Two AI tiers. One lifecycle event stream.

Capture with GDPR live blur feeds on-device NPU triage (mos-roi-shader and mos-ai-runtime) and the recorder segment. The segment is uploaded via SFTP as GDPR-clean bytes to cloud AI. Driver behaviour, DTC/OBD position, and GNSS pose feed the lifecycle event stream, which merges with cloud AI per-clip inference and outputs to the fleet dashboard.

flowchart TD
  CAP[Capture<br/>GDPR live blur at capture time] --> NPU[NPU triage<br/>on-device mos-roi-shader + mos-ai-runtime]
  CAP --> REC[Recorder segment<br/>anonymised clip]
  REC --> UPL[SFTP upload<br/>GDPR-clean bytes]
  UPL --> CAI[Cloud AI<br/>per-clip inference]
  DRV[Driver behaviour] --> LS[Lifecycle event stream]
  OBD[DTC / OBD position] --> LS
  GNS[GNSS pose] --> LS
  LS --> CAI
  CAI --> DSH[Fleet dashboard]
Capture (GDPR blur) → NPU triage on-device + recorder segment → SFTP upload → Cloud AI; lifecycle event stream (driver behaviour, DTC/OBD, GNSS) → Cloud AI → Fleet dashboard

On-device triage runs before a byte leaves the box — Vulkan ROI extraction and NPU inference discard irrelevant frames. What reaches the cloud is already anonymised and already filtered. Cloud AI runs heavier per-clip models and merges with the AI Funnel lifecycle event stream for fleet-scale driver behaviour and incident correlation.

2 AI tiers on-device NPU triage + cloud per-clip inference
0 CPU pixel copies in AI hot path dmabuf-to-NPU zero-copy on Qualcomm via rpcmem/ION
~100 TOPS AI-class silicon QCS6490 · iMX8M Plus NPU slices
0 integration code for AI Funnel pipeline lifecycle event correlation ships with the micro service

What you do not write

The infrastructure MOS4 ships.

service mos-roi-shader

Vulkan ROI extraction with dmabuf-to-NPU zero-copy on Qualcomm via rpcmem/ION — no CPU pixel copies in the AI hot path. Regions of interest are extracted and delivered to the NPU without leaving the accelerator memory domain.

service mos-ai-runtime

.tflite NPU inference on iMX8M Plus and QCS6490 — multi-model concurrent execution across NPU slices, managed by the micro service.
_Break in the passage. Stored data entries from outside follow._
text \<open>Inserting the plane wave \<open>g(x,v) = G(v) exp (i\<lambda>x)\<close>, \<open>S\<^sub>g(x) = S\<^sub>0 exp (i\<lambda>x)\<close>
  into (L) leaves the algebraic system \<open>G(v) = \<rho> I(v\<^sub>1)\<close>, \<open>S\<^sub>0 = \<rho> / (1 + d\<lambda>\<^sup>2)\<close>, where
  \<open>\<rho>\<close> is the sphere average of \<open>G\<close> and \<open>I\<close> the integrand of the dispersion relation.
  The sphere average of a function of \<open>v\<^sub>1\<close> alone is half its integral over \<open>[-1,1]\<close>
  (Archimedes); both are evaluated here by explicit antiderivatives, giving the common value
  \<open>J(\<mu>) = \<beta> + (1 - k - \<beta>(1 + k\<mu>)) arctan (k\<lambda>/(1 + k\<mu>)) / (k\<lambda>)\<close> with
  \<open>\<beta> = a / (k(1 + d\<lambda>\<^sup>2))\<close>. Averaging the system gives \<open>\<rho> = \<rho> J(\<mu>)\<close>, so nonzero
  plane waves with real growth rate \<open>\<mu>\<close> exist exactly when \<open>J(\<mu>) = 1\<close>. The hypothesis
  says precisely that \<open>J(0) > 1\<close>, and \<open>J(\<mu>) \<rightarrow> 0\<close> as \<open>\<mu> \<rightarrow> \<infinity>\<close>, so the intermediate
  value theorem yields a root \<open>\<mu> > 0\<close>.\<close>

lemma arctan_less_self:
  fixes x :: real
  assumes "0 < x"
  shows "arctan x < x"
proof -
  have "(\<lambda>t. t - arctan t) 0 < (\<lambda>t. t - arctan t) x"
  proof (rule DERIV_pos_imp_increasing_open[OF assms])
    fix t :: real assume "0 < t"
    then have "inverse (1 + t^2) < 1"
      by (intro inverse_less_1_iff[THEN iffD2]) auto
    moreover have "((\<lambda>t. t - arctan t) has_real_derivative 1 - inverse (1 + t^2)) (at t)"
      by (auto intro!: derivative_eq_intros)
    ultimately show "\<exists>y. ((\<lambda>t. t - arctan t) has_real_derivative y) (at t) \<and> 0 < y"
      by force
  qed (intro continuous_intros)
  then show ?thesis by simp
qed
text \<open>The hypotheses say that the nonnegative matrix has spectral radius below \<open>1\<close>.\<close>
lemma weighted_contraction_exists:
  assumes m11: "0 \<le> m11" "m11 < 1" and m12: "0 < m12" and m21: "0 < m21"
    and m22: "0 \<le> m22" "m22 < 1" and det: "m12 * m21 < (1 - m11) * (1 - m22)"
  obtains \<eta> \<theta> where "0 < \<eta>" "0 < \<theta>" "\<theta> < 1" "weighted_contraction m11 m12 m21 m22 \<eta> \<theta>"
proof -
  define q where "q = 1 - m22"
  have q: "q > 0" unfolding q_def using m22 by simp
  have "m21 * m12 < (1 - m11) * q" "m12 * m21 < (1 - m11) * q"
    using det mult.commute[of m12 m21] unfolding q_def by linarith+
  then have "m21 / q < (1 - m11) / m12" "m12 / q < (1 - m11) / m21"
    using q m12 m21 by (simp_all add: field_simps)
  then obtain s u where s: "m21 / q < s" "s < (1 - m11) / m12"
    and u: "m12 / q < u" "u < (1 - m11) / m21"
    by (meson dense)
  have su: "s > 0" "u > 0"
    using s(1) u(1) divide_pos_pos[OF m21 q] divide_pos_pos[OF m12 q] by linarith+
  define \<theta> where "\<theta> = max (max (m11 + m12 * s) ((m21 + m22 * s) / s))
                         (max (m11 + m21 * u) ((m12 + m22 * u) / u))"
  have "m11 + m12 * s < 1" using s(2) m12 by (simp add: less_divide_eq algebra_simps)
  moreover have "m21 + m22 * s < s"
    using s(1) q unfolding q_def by (simp add: divide_less_eq algebra_simps)
  moreover have "m11 + m21 * u < 1" using u(2) m21 by (simp add: less_divide_eq algebra_simps)
  moreover have "m12 + m22 * u < u"
    using u(1) q unfolding q_def by (simp add: divide_less_eq algebra_simps)
  ultimately have "\<theta> < 1" unfolding \<theta>_def using su by (simp add: divide_less_eq)
  have bounds: "m11 + m12 * s \<le> \<theta>" "(m21 + m22 * s) / s \<le> \<theta>"
    "m11 + m21 * u \<le> \<theta>" "(m12 + m22 * u) / u \<le> \<theta>"
    unfolding \<theta>_def by simp_all
  have "m11 + m12 * s > 0" using m11 m12 su by (simp add: add_nonneg_pos)
  then have "\<theta> > 0" using bounds(1) by linarith
  from bounds have "weighted_contraction m11 m12 m21 m22 (u / s) \<theta>"
    using m11 m12 m21 m22 su \<open>\<theta> > 0\<close>
    by (intro weighted_contraction_SchurI) (simp_all add: pos_divide_le_eq)
  moreover have "u / s > 0" using su by simp
  ultimately show ?thesis using that \<open>\<theta> > 0\<close> \<open>\<theta> < 1\<close> by blast
qed

lemma quotient_le_of_SUP_le:
  assumes "(SUP p\<in>S. case p of (a, b, c) \<Rightarrow> ereal (F a b c / H a b c)) \<le> ereal L"
    and "(a, b, c) \<in> S" and "H a b c > 0"
  shows "F a b c \<le> L * H a b c"
proof -
  have "ereal (F a b c / H a b c) \<le> ereal L"
    using order_trans[OF SUP_upper[OF assms(2)] assms(1)] by simp
  then show ?thesis using assms(3) by (simp add: divide_le_eq)
qed

lemma Lip_z_f_le:
  assumes "Lip_z_f nX nZ X Z f \<le> ereal L" "is_norm nX" "is_norm nZ" "x \<in> X" "z1 \<in> Z" "z2 \<in> Z"
  shows "nX (f (x, z1) - f (x, z2)) \<le> L * nZ (z1 - z2)"
proof (cases "z1 = z2")
  case False
  show ?thesis
    by (rule quotient_le_of_SUP_le[where F = "\<lambda>x z1 z2. nX (f (x, z1) - f (x, z2))"
          and H = "\<lambda>x z1 z2. nZ (z1 - z2)", OF assms(1)[unfolded Lip_z_f_def]])
      (use assms False is_normD(6)[OF assms(3)] in auto)
qed (simp add: is_normD[OF assms(2)] is_normD[OF assms(3)])

lemma Lip_x_G_le:
  assumes "Lip_x_G nX nZ X Z G \<le> ereal L" "is_norm nX" "is_norm nZ" "z \<in> Z" "x1 \<in> X" "x2 \<in> X"
  shows "nZ (G (x1, z) - G (x2, z)) \<le> L * nX (x1 - x2)"
proof (cases "x1 = x2")
  case False
  show ?thesis
    by (rule quotient_le_of_SUP_le[where F = "\<lambda>z x1 x2. nZ (G (x1, z) - G (x2, z))"
          and H = "\<lambda>z x1 x2. nX (x1 - x2)", OF assms(1)[unfolded Lip_x_G_def]])
      (use assms False is_normD(6)[OF assms(2)] in auto)
qed (simp add: is_normD[OF assms(2)] is_normD[OF assms(3)])

lemma Lip_z_G_le:
  assumes "Lip_z_G nZ X Z G \<le> ereal L" "is_norm nZ" "x \<in> X" "z1 \<in> Z" "z2 \<in> Z"
  shows "nZ (G (x, z1) - G (x, z2)) \<le> L * nZ (z1 - z2)"
proof (cases "z1 = z2")
  case False
  show ?thesis
    by (rule quotient_le_of_SUP_le[where F = "\<lambda>x z1 z2. nZ (G (x, z1) - G (x, z2))"
          and H = "\<lambda>x z1 z2. nZ (z1 - z2)", OF assms(1)[unfolded Lip_z_G_def]])
      (use assms False is_normD(6)[OF assms(2)] in auto)
qed (simp add: is_normD[OF assms(2)])

lemma osLip_x_f_le:
  assumes "osLip_x_f wp nX X Z f \<le> ereal L" "is_norm nX" "compatible_weak_pairing wp nX"
    "z \<in> Z" "x1 \<in> X" "x2 \<in> X"
  shows "wp (f (x1, z) - f (x2, z)) (x1 - x2) \<le> L * (nX (x1 - x2))\<^sup>2"
proof (cases "x1 = x2")
  case True
  then show ?thesis
    using compatible_weak_pairingD(2)[OF assms(3,2), of 0] is_normD(2)[OF assms(2)] by simp
next
  case False
  show ?thesis
    by (rule quotient_le_of_SUP_le[where F = "\<lambda>z x1 x2. wp (f (x1, z) - f (x2, z)) (x1 - x2)"
          and H = "\<lambda>z x1 x2. (nX (x1 - x2))\<^sup>2", OF assms(1)[unfolded osLip_x_f_def]])
      (use assms False is_normD(6)[OF assms(2), of "x1 - x2"] in auto)
qed

lemma Lipschitz_constants_real:
  assumes normX: "is_norm nX" and normZ: "is_norm nZ" and X0: "0 \<in> X" and Z0: "0 \<in> Z"
    and A2f: "0 < Lip_z_f nX nZ X Z f" "Lip_z_f nX nZ X Z f < \<infinity>"
    and A2G: "0 < Lip_x_G nX nZ X Z G" "Lip_x_G nX nZ X Z G < \<infinity>"
    and A3: "Lip_z_G nZ X Z G < 1"
    and cond: "- osLip_x_f wp nX X Z f * (1 - Lip_z_G nZ X Z G)
                 > Lip_z_f nX nZ X Z f * Lip_x_G nX nZ X Z G"
  obtains Lf LG l c where "Lip_z_f nX nZ X Z f = ereal Lf" "Lip_x_G nX nZ X Z G = ereal LG"
    "Lip_z_G nZ X Z G = ereal l" "osLip_x_f wp nX X Z f = ereal c"
    "0 < Lf" "0 < LG" "0 \<le> l" "l < 1" "Lf * LG < - c * (1 - l)"
proof -
  obtain Lf where Lf: "Lip_z_f nX nZ X Z f = ereal Lf" "0 < Lf"
    using A2f by (cases "Lip_z_f nX nZ X Z f") auto
  obtain LG where LG: "Lip_x_G nX nZ X Z G = ereal LG" "0 < LG"
    using A2G by (cases "Lip_x_G nX nZ X Z G") auto
  have "{(x, z1, z2). x \<in> X \<and> z1 \<in> Z \<and> z2 \<in> Z \<and> z1 \<noteq> z2} \<noteq> {}" (is "?S \<noteq> {}")
  proof
    assume "?S = {}"
    then have "Lip_z_f nX nZ X Z f = -\<infinity>"
      unfolding Lip_z_f_def by (simp only: SUP_empty bot_ereal_def)
    then show False using A2f(1) by simp
  qed
  then obtain z1 z2 where z12: "z1 \<in> Z" "z2 \<in> Z" "z1 \<noteq> z2" by blast
  have "{(z, x1, x2). z \<in> Z \<and> x1 \<in> X \<and> x2 \<in> X \<and> x1 \<noteq> x2} \<noteq> {}" (is "?S \<noteq> {}")
  proof
    assume "?S = {}"
    then have "Lip_x_G nX nZ X Z G = -\<infinity>"
      unfolding Lip_x_G_def by (simp only: SUP_empty bot_ereal_def)
    then show False using A2G(1) by simp
  qed
  then obtain x1 x2 where x12: "x1 \<in> X" "x2 \<in> X" "x1 \<noteq> x2" by blast
  have "ereal (nZ (G (0, z1) - G (0, z2)) / nZ (z1 - z2)) \<le> Lip_z_G nZ X Z G"
    unfolding Lip_z_G_def by (rule SUP_upper2[of "(0, z1, z2)"]) (use X0 z12 in auto)
  moreover have "0 \<le> nZ (G (0, z1) - G (0, z2)) / nZ (z1 - z2)"
    using is_normD(1)[OF normZ] by simp
  ultimately have "0 \<le> Lip_z_G nZ X Z G" by (meson ereal_less_eq(5) order_trans)
  then obtain l where l: "Lip_z_G nZ X Z G = ereal l" "0 \<le> l" "l < 1"
    using A3 by (cases "Lip_z_G nZ X Z G") auto
  have "ereal (wp (f (x1, 0) - f (x2, 0)) (x1 - x2) / (nX (x1 - x2))\<^sup>2) \<le> osLip_x_f wp nX X Z f"
    unfolding osLip_x_f_def by (rule SUP_upper2[of "(0, x1, x2)"]) (use Z0 x12 in auto)
  then have "osLip_x_f wp nX X Z f \<noteq> -\<infinity>" by auto
  moreover have "osLip_x_f wp nX X Z f \<noteq> \<infinity>"
    using cond l by (auto simp: one_ereal_def)
  ultimately obtain c where c: "osLip_x_f wp nX X Z f = ereal c"
    by (cases "osLip_x_f wp nX X Z f") auto
  have "Lf * LG < - c * (1 - l)" using cond c l Lf LG by (simp add: one_ereal_def)
  then show ?thesis using that Lf LG l c by blast
qed

lemma Giter_in:
  assumes "G ` (X \<times> Z) \<subseteq> Z" "x \<in> X" "z \<in> Z"
  shows "Giter G m x z \<in> Z"
  by (induction m) (use assms in auto)

lemma Giter_zero: "G (0, 0) = 0 \<Longrightarrow> Giter G m 0 0 = 0"
  by (induction m) auto

lemma Giter_dist_le:
  assumes GZ: "G ` (X \<times> Z) \<subseteq> Z" and normZ: "is_norm nZ"
    and Lx: "\<And>z x1 x2. z \<in> Z \<Longrightarrow> x1 \<in> X \<Longrightarrow> x2 \<in> X \<Longrightarrow>
      nZ (G (x1, z) - G (x2, z)) \<le> LG * nX (x1 - x2)"
    and Lz: "\<And>x z1 z2. x \<in> X \<Longrightarrow> z1 \<in> Z \<Longrightarrow> z2 \<in> Z \<Longrightarrow>
      nZ (G (x, z1) - G (x, z2)) \<le> l * nZ (z1 - z2)"
    and l: "0 \<le> l" and x: "x \<in> X" "x' \<in> X" and z: "z \<in> Z" "z' \<in> Z"
  shows "nZ (Giter G m x z - Giter G m x' z')
    \<le> LG * (\<Sum>i<m. l ^ i) * nX (x - x') + l ^ m * nZ (z - z')"
proof (induction m)
  case (Suc m)
  let ?g = "Giter G m x z" and ?g' = "Giter G m x' z'"
  have g: "?g \<in> Z" "?g' \<in> Z" using Giter_in[OF GZ] x z by auto
  have "nZ (G (x, ?g) - G (x', ?g')) \<le> nZ (G (x, ?g) - G (x', ?g)) + nZ (G (x', ?g) - G (x', ?g'))"
    using is_normD(3)[OF normZ, of "G (x, ?g) - G (x', ?g)" "G (x', ?g) - G (x', ?g')"] by simp
  also have "\<dots> \<le> LG * nX (x - x') + l * nZ (?g - ?g')" using Lx[OF g(1) x] Lz[OF x(2) g] by linarith
  also have "\<dots> \<le> LG * nX (x - x') + l * (LG * (\<Sum>i<m. l ^ i) * nX (x - x') + l ^ m * nZ (z - z'))"
    using Suc l by (intro add_left_mono mult_left_mono) auto
  also have "\<dots> = LG * (1 + l * (\<Sum>i<m. l ^ i)) * nX (x - x') + l ^ Suc m * nZ (z - z')"
    by (simp add: algebra_simps)
  also have "1 + l * (\<Sum>i<m. l ^ i) = (\<Sum>i<Suc m. l ^ i)"
    by (subst sum.lessThan_Suc_shift) (simp add: sum_distrib_left)
  finally show ?case by simp
qed simp

lemma sqrt_sq_add_mult_le:
  fixes A B \<kappa> \<eta> :: real
  assumes "\<eta> > 0"
  shows "sqrt ((A + \<kappa> * B)\<^sup>2 + \<eta> * B\<^sup>2) \<le> sqrt (2 + 2 * \<kappa>\<^sup>2 / \<eta>) * sqrt (A\<^sup>2 + \<eta> * B\<^sup>2)"
proof -
  have "(A + \<kappa> * B)\<^sup>2 \<le> 2 * A\<^sup>2 + 2 * \<kappa>\<^sup>2 * B\<^sup>2"
    using sum_squares_bound[of A "\<kappa> * B"] by (simp add: power2_eq_square algebra_simps)
  moreover have "(2 + 2 * \<kappa>\<^sup>2 / \<eta>) * (A\<^sup>2 + \<eta> * B\<^sup>2)
      = 2 * A\<^sup>2 + 2 * \<kappa>\<^sup>2 * B\<^sup>2 + \<eta> * B\<^sup>2 + (\<eta> * B\<^sup>2 + 2 * \<kappa>\<^sup>2 * A\<^sup>2 / \<eta>)"
    using assms by (simp add: field_simps)
  moreover have "0 \<le> \<eta> * B\<^sup>2 + 2 * \<kappa>\<^sup>2 * A\<^sup>2 / \<eta>" using assms by simp
  ultimately show ?thesis by (simp add: real_sqrt_mult[symmetric])
qed

lemma power_floor_le_exp:
  fixes \<theta> T t :: real
  assumes "0 < \<theta>" "\<theta> < 1" "0 < T" "0 \<le> t"
  shows "\<theta> ^ nat \<lfloor>t / T\<rfloor> \<le> exp (ln \<theta> / T * t) / \<theta>"
proof -
  define k where "k = nat \<lfloor>t / T\<rfloor>"
  have "real k = \<lfloor>t / T\<rfloor>" unfolding k_def using assms by simp
  then have "t / T \<le> real (Suc k)"
    using real_of_int_floor_add_one_gt[of "t / T"] by linarith
  then have "(t / T) * ln \<theta> \<ge> real (Suc k) * ln \<theta>"
    using assms by (intro mult_right_mono_neg) auto
  then have "\<theta> ^ Suc k \<le> exp ((t / T) * ln \<theta>)"
    using assms exp_of_nat_mult[of "Suc k" "ln \<theta>"] by (metis exp_le_cancel_iff exp_ln)
  then show ?thesis unfolding k_def using assms by (simp add: field_simps)
qed

lemma is_solutionD:
  assumes "is_solution f G X Z T n x zs"
  shows "t \<ge> 0 \<Longrightarrow> x t \<in> X" "zs k \<in> Z" "zs (Suc k) = Giter G n (x (real k * T)) (zs k)"
    "t \<in> {real k * T .. real (Suc k) * T} \<Longrightarrow>
       (x has_vector_derivative f (x t, zs (Suc k))) (at t within {real k * T .. real (Suc k) * T})"
  using assms unfolding is_solution_def by auto

lemma is_solution_zero:
  assumes "0 \<in> X" "0 \<in> Z" "f (0, 0) = 0" "G (0, 0) = 0"
  shows "is_solution f G X Z T n (\<lambda>_. 0) (\<lambda>_. 0)"
  unfolding is_solution_def using assms
  by (auto simp: Giter_zero intro: has_vector_derivative_const)

lemma held_sample: "T > 0 \<Longrightarrow> held T zs (real k * T) = zs (Suc k)"
  unfolding held_def by simp

definition sampled_contractive ::
  "('x::real_normed_vector \<times> 'z \<Rightarrow> 'x) \<Rightarrow> ('x \<times> 'z \<Rightarrow> 'z) \<Rightarrow> 'x set \<Rightarrow> 'z set \<Rightarrow> real \<Rightarrow> nat \<Rightarrow>
   ('x \<Rightarrow> 'z::minus \<Rightarrow> real) \<Rightarrow> bool" where
  "sampled_contractive f G X Z T n N \<longleftrightarrow>
     (\<exists>b. 0 < b \<and> b < 1 \<and>
        (\<forall>x zs xb zsb k. is_solution f G X Z T n x zs \<longrightarrow> is_solution f G X Z T n xb zsb \<longrightarrow>
           N (x (real k * T) - xb (real k * T)) (held T zs (real k * T) - held T zsb (real k * T))
           \<le> b ^ k * N (x 0 - xb 0) (held T zs 0 - held T zsb 0)))"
Bring your .tflite model file; the runtime handles scheduling, memory, and result delivery.

pipeline AI Funnel

Cloud retraining, quantisation, and OTA model delivery — managed by the AI Funnel pipeline. Retrained models land on the device without a firmware update cycle. Integration code is not required to wire the feedback loop.

runtime lifecycle event correlation

TimeCorrelator attaches a wall_clock_trustworthy flag to each lifecycle event — driver behaviour, DTC, OBD position, GNSS pose. Cloud AI uses the flag to reject ambiguous timestamp matches before merging with clip inference results. GDPR posture is documented at /platform/compliance.

Scope boundary

A specific Munic cloud product provides the per-clip inference and lifecycle merge described on this page. Product name, pricing, and cloud architecture are outside the scope of this page — that conversation starts with engineering. Use the CTA below to connect.

FAQ

Frequently asked questions

  • Where does AI actually run — on-device or in the cloud?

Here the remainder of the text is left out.